*Directions for this task:*
Reproduce all of the data exactly, with no line skipped.

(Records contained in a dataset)
- - - - - - -

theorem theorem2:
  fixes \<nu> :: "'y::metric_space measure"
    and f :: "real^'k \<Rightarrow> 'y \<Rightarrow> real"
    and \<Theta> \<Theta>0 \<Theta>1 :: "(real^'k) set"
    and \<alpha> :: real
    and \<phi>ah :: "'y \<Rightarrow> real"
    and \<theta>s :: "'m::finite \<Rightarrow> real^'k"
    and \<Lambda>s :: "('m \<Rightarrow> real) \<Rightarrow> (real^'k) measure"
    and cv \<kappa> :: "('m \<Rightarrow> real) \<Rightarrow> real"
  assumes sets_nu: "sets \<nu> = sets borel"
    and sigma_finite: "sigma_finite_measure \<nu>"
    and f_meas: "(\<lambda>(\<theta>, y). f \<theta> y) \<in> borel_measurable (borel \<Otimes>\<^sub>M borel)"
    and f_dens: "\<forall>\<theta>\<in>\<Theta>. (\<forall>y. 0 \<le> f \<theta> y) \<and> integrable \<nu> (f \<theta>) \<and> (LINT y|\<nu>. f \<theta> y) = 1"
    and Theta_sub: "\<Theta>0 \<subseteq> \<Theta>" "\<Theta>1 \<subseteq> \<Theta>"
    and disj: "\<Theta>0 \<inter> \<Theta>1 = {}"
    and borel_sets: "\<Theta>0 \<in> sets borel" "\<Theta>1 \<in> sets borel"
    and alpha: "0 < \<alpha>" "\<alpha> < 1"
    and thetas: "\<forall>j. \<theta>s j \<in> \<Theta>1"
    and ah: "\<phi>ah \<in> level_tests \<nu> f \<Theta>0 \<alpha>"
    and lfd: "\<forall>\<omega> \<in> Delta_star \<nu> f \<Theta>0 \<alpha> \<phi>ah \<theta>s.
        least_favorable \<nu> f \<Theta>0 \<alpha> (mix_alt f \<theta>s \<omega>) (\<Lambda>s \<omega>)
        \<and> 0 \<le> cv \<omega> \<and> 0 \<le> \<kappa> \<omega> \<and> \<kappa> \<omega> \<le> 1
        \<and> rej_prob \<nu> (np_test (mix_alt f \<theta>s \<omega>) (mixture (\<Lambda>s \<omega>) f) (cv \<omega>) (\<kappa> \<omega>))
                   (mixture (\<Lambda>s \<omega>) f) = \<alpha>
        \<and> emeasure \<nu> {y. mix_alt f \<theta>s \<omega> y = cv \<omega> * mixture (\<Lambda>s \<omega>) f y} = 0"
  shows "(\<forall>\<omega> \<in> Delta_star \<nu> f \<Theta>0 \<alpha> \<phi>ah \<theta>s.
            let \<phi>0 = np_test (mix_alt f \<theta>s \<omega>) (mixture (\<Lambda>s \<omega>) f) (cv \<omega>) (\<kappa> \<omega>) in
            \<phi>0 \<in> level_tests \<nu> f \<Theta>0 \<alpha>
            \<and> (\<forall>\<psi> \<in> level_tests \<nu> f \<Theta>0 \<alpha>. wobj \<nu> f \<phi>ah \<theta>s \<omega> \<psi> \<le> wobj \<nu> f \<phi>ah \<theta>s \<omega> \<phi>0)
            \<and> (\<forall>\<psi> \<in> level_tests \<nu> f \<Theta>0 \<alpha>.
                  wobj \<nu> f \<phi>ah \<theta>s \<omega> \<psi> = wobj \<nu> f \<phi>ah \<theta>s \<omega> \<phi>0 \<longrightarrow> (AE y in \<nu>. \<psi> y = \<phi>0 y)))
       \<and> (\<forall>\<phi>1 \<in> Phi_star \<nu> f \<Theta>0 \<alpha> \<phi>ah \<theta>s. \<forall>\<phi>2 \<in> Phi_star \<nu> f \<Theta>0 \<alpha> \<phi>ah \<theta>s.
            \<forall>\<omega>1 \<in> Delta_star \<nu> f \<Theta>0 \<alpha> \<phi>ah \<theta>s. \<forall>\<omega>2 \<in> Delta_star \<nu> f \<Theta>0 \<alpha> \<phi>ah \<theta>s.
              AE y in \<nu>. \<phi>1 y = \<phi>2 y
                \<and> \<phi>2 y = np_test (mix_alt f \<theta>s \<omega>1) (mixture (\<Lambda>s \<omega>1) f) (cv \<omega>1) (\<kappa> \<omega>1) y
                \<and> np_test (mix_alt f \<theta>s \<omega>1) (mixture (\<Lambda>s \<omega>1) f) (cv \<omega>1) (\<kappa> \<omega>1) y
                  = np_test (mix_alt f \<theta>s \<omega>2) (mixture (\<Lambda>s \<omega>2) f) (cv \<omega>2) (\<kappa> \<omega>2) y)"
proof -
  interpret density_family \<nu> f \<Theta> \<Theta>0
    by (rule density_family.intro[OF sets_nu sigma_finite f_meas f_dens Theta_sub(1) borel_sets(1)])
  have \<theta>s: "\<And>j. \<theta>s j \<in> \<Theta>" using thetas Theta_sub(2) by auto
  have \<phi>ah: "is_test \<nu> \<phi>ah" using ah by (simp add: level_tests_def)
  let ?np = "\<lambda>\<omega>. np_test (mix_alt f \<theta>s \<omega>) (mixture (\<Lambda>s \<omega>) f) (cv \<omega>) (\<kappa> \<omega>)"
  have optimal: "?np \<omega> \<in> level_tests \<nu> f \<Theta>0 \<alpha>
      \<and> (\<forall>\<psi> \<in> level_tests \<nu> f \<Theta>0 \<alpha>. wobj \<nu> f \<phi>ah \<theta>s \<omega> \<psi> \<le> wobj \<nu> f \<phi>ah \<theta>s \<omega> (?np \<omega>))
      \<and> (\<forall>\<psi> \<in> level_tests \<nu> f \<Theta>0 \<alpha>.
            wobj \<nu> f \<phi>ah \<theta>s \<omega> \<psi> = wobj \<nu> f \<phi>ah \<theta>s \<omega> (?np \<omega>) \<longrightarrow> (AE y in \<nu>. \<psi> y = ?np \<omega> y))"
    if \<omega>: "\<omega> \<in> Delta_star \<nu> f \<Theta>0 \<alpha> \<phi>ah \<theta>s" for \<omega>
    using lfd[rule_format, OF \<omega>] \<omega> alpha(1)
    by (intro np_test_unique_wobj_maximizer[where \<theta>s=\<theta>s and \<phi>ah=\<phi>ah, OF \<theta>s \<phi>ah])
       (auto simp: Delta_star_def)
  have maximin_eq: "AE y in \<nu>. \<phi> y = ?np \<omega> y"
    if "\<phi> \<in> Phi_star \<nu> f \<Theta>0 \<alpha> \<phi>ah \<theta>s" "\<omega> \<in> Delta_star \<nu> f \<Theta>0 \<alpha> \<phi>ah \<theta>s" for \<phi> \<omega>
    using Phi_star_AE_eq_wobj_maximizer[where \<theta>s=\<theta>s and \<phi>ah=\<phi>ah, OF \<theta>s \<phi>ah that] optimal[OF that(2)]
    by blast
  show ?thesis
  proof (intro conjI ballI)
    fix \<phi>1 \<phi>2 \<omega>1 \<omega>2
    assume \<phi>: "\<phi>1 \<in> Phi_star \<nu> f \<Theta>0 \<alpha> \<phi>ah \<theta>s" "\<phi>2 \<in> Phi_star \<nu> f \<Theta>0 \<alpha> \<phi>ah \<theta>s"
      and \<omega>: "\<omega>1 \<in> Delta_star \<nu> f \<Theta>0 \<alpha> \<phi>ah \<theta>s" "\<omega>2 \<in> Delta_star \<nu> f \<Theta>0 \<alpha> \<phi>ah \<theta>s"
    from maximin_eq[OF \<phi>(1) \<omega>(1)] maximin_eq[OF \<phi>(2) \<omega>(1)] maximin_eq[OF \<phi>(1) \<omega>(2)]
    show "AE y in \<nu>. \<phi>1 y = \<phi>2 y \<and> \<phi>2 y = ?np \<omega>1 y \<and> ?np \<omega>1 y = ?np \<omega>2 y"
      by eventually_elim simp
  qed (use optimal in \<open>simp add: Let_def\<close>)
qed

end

- - - - - - -

*Task response:*
theorem theorem2:
  fixes \<nu> :: "'y::metric_space measure"
    and f :: "real^'k \<Rightarrow> 'y \<Rightarrow> real"
    and \<Theta> \<Theta>0 \<Theta>1 :: "(real^'k) set"
    and \<alpha> :: real
    and \<phi>ah :: "'y \<Rightarrow> real"
    and \<theta>s :: "'m::finite \<Rightarrow> real^'k"
    and \<Lambda>s :: "('m \<Rightarrow> real) \<Rightarrow> (real^'k) measure"
    and cv \<kappa> :: "('m \<Rightarrow> real) \<Rightarrow> real"
  assumes sets_nu: "sets \<nu> = sets borel"
    and sigma_finite: "sigma_finite_measure \<nu>"
    and f_meas: "(\<lambda>(\<theta>, y). f \<theta> y) \<in> borel_measurable (borel \<Otimes>\<^sub>M borel)"
    and f_dens: "\<forall>\<theta>\<in>\<Theta>. (\<forall>y. 0 \<le> f \<theta> y) \<and> integrable \<nu> (f \<theta>) \<and> (LINT y|\<nu>. f \<theta> y) = 1"
    and Theta_sub: "\<Theta>0 \<subseteq> \<Theta>" "\<Theta>1 \<subseteq> \<Theta>"
    and disj: "\<Theta>0 \<inter> \<Theta>1 = {}"
    and borel_sets: "\<Theta>0 \<in> sets borel" "\<Theta>1 \<in> sets borel"
    and alpha: "0 < \<alpha>" "\<alpha> < 1"
    and thetas: "\<forall>j. \<theta>s j \<in> \<Theta>1"
    and ah: "\<phi>ah \<in> level_tests \<nu> f \<Theta>0 \<alpha>"
    and lfd: "\<forall>\<omega> \<in> Delta_star \<nu> f \<Theta>0 \<alpha> \<phi>ah \<theta>s.
        least_favorable \<nu> f \<Theta>0 \<alpha> (mix_alt f \<theta>s \<omega>) (\<Lambda>s \<omega>)
        \<and> 0 \<le> cv \<omega> \<and> 0 \<le> \<kappa> \<omega> \<and> \<kappa> \<omega> \<le> 1
        \<and> rej_prob \<nu> (np_test (mix_alt f \<theta>s \<omega>) (mixture (\<Lambda>s \<omega>) f) (cv \<omega>) (\<kappa> \<omega>))
                   (mixture (\<Lambda>s \<omega>) f) = \<alpha>
        \<and> emeasure \<nu> {y. mix_alt f \<theta>s \<omega> y = cv \<omega> * mixture (\<Lambda>s \<omega>) f y} = 0"
  shows "(\<forall>\<omega> \<in> Delta_star \<nu> f \<Theta>0 \<alpha> \<phi>ah \<theta>s.
            let \<phi>0 = np_test (mix_alt f \<theta>s \<omega>) (mixture (\<Lambda>s \<omega>) f) (cv \<omega>) (\<kappa> \<omega>) in
            \<phi>0 \<in> level_tests \<nu> f \<Theta>0 \<alpha>
            \<and> (\<forall>\<psi> \<in> level_tests \<nu> f \<Theta>0 \<alpha>. wobj \<nu> f \<phi>ah \<theta>s \<omega> \<psi> \<le> wobj \<nu> f \<phi>ah \<theta>s \<omega> \<phi>0)
            \<and> (\<forall>\<psi> \<in> level_tests \<nu> f \<Theta>0 \<alpha>.
                  wobj \<nu> f \<phi>ah \<theta>s \<omega> \<psi> = wobj \<nu> f \<phi>ah \<theta>s \<omega> \<phi>0 \<longrightarrow> (AE y in \<nu>. \<psi> y = \<phi>0 y)))
       \<and> (\<forall>\<phi>1 \<in> Phi_star \<nu> f \<Theta>0 \<alpha> \<phi>ah \<theta>s. \<forall>\<phi>2 \<in> Phi_star \<nu> f \<Theta>0 \<alpha> \<phi>ah \<theta>s.
            \<forall>\<omega>1 \<in> Delta_star \<nu> f \<Theta>0 \<alpha> \<phi>ah \<theta>s. \<forall>\<omega>2 \<in> Delta_star \<nu> f \<Theta>0 \<alpha> \<phi>ah \<theta>s.
              AE y in \<nu>. \<phi>1 y = \<phi>2 y
                \<and> \<phi>2 y = np_test (mix_alt f \<theta>s \<omega>1) (mixture (\<Lambda>s \<omega>1) f) (cv \<omega>1) (\<kappa> \<omega>1) y
                \<and> np_test (mix_alt f \<theta>s \<omega>1) (mixture (\<Lambda>s \<omega>1) f) (cv \<omega>1) (\<kappa> \<omega>1) y
                  = np_test (mix_alt f \<theta>s \<omega>2) (mixture (\<Lambda>s \<omega>2) f) (cv \<omega>2) (\<kappa> \<omega>2) y)"
proof -
  interpret density_family \<nu> f \<Theta> \<Theta>0
    by (rule density_family.intro[OF sets_nu sigma_finite f_meas f_dens Theta_sub(1) borel_sets(1)])
  have \<theta>s: "\<And>j. \<theta>s j \<in> \<Theta>" using thetas Theta_sub(2) by auto
  have \<phi>ah: "is_test \<nu> \<phi>ah" using ah by (simp add: level_tests_def)
  let ?np = "\<lambda>\<omega>. np_test (mix_alt f \<theta>s \<omega>) (mixture (\<Lambda>s \<omega>) f) (cv \<omega>) (\<kappa> \<omega>)"
  have optimal: "?np \<omega> \<in> level_tests \<nu> f \<Theta>0 \<alpha>
      \<and> (\<forall>\<psi> \<in> level_tests \<nu> f \<Theta>0 \<alpha>. wobj \<nu> f \<phi>ah \<theta>s \<omega> \<psi> \<le> wobj \<nu> f \<phi>ah \<theta>s \<omega> (?np \<omega>))
      \<and> (\<forall>\<psi> \<in> level_tests \<nu> f \<Theta>0 \<alpha>.
            wobj \<nu> f \<phi>ah \<theta>s \<omega> \<psi> = wobj \<nu> f \<phi>ah \<theta>s \<omega> (?np \<omega>) \<longrightarrow> (AE y in \<nu>. \<psi> y = ?np \<omega> y))"
    if \<omega>: "\<omega> \<in> Delta_star \<nu> f \<Theta>0 \<alpha> \<phi>ah \<theta>s" for \<omega>
    using lfd[rule_format, OF \<omega>] \<omega> alpha(1)
    by (intro np_test_unique_wobj_maximizer[where \<theta>s=\<theta>s and \<phi>ah=\<phi>ah, OF \<theta>s \<phi>ah])
       (auto simp: Delta_star_def)
  have maximin_eq: "AE y in \<nu>. \<phi> y = ?np \<omega> y"
    if "\<phi> \<in> Phi_star \<nu> f \<Theta>0 \<alpha> \<phi>ah \<theta>s" "\<omega> \<in> Delta_star \<nu> f \<Theta>0 \<alpha> \<phi>ah \<theta>s" for \<phi> \<omega>
    using Phi_star_AE_eq_wobj_maximizer[where \<theta>s=\<theta>s and \<phi>ah=\<phi>ah, OF \<theta>s \<phi>ah that] optimal[OF that(2)]
    by blast
  show ?thesis
  proof (intro conjI ballI)
    fix \<phi>1 \<phi>2 \<omega>1 \<omega>2
    assume \<phi>: "\<phi>1 \<in> Phi_star \<nu> f \<Theta>0 \<alpha> \<phi>ah \<theta>s" "\<phi>2 \<in> Phi_star \<nu> f \<Theta>0 \<alpha> \<phi>ah \<theta>s"
      and \<omega>: "\<omega>1 \<in> Delta_star \<nu> f \<Theta>0 \<alpha> \<phi>ah \<theta>s" "\<omega>2 \<in> Delta_star \<nu> f \<Theta>0 \<alpha> \<phi>ah \<theta>s"
    from maximin_eq[OF \<phi>(1) \<omega>(1)] maximin_eq[OF \<phi>(2) \<omega>(1)] maximin_eq[OF \<phi>(1) \<omega>(2)]
    show "AE y in \<nu>. \<phi>1 y = \<phi>2 y \<and> \<phi>2 y = ?np \<omega>1 y \<and> ?np \<omega>1 y = ?np \<omega>2 y"
      by eventually_elim simp
  qed (use optimal in \<open>simp add: Let_def\<close>)
qed

end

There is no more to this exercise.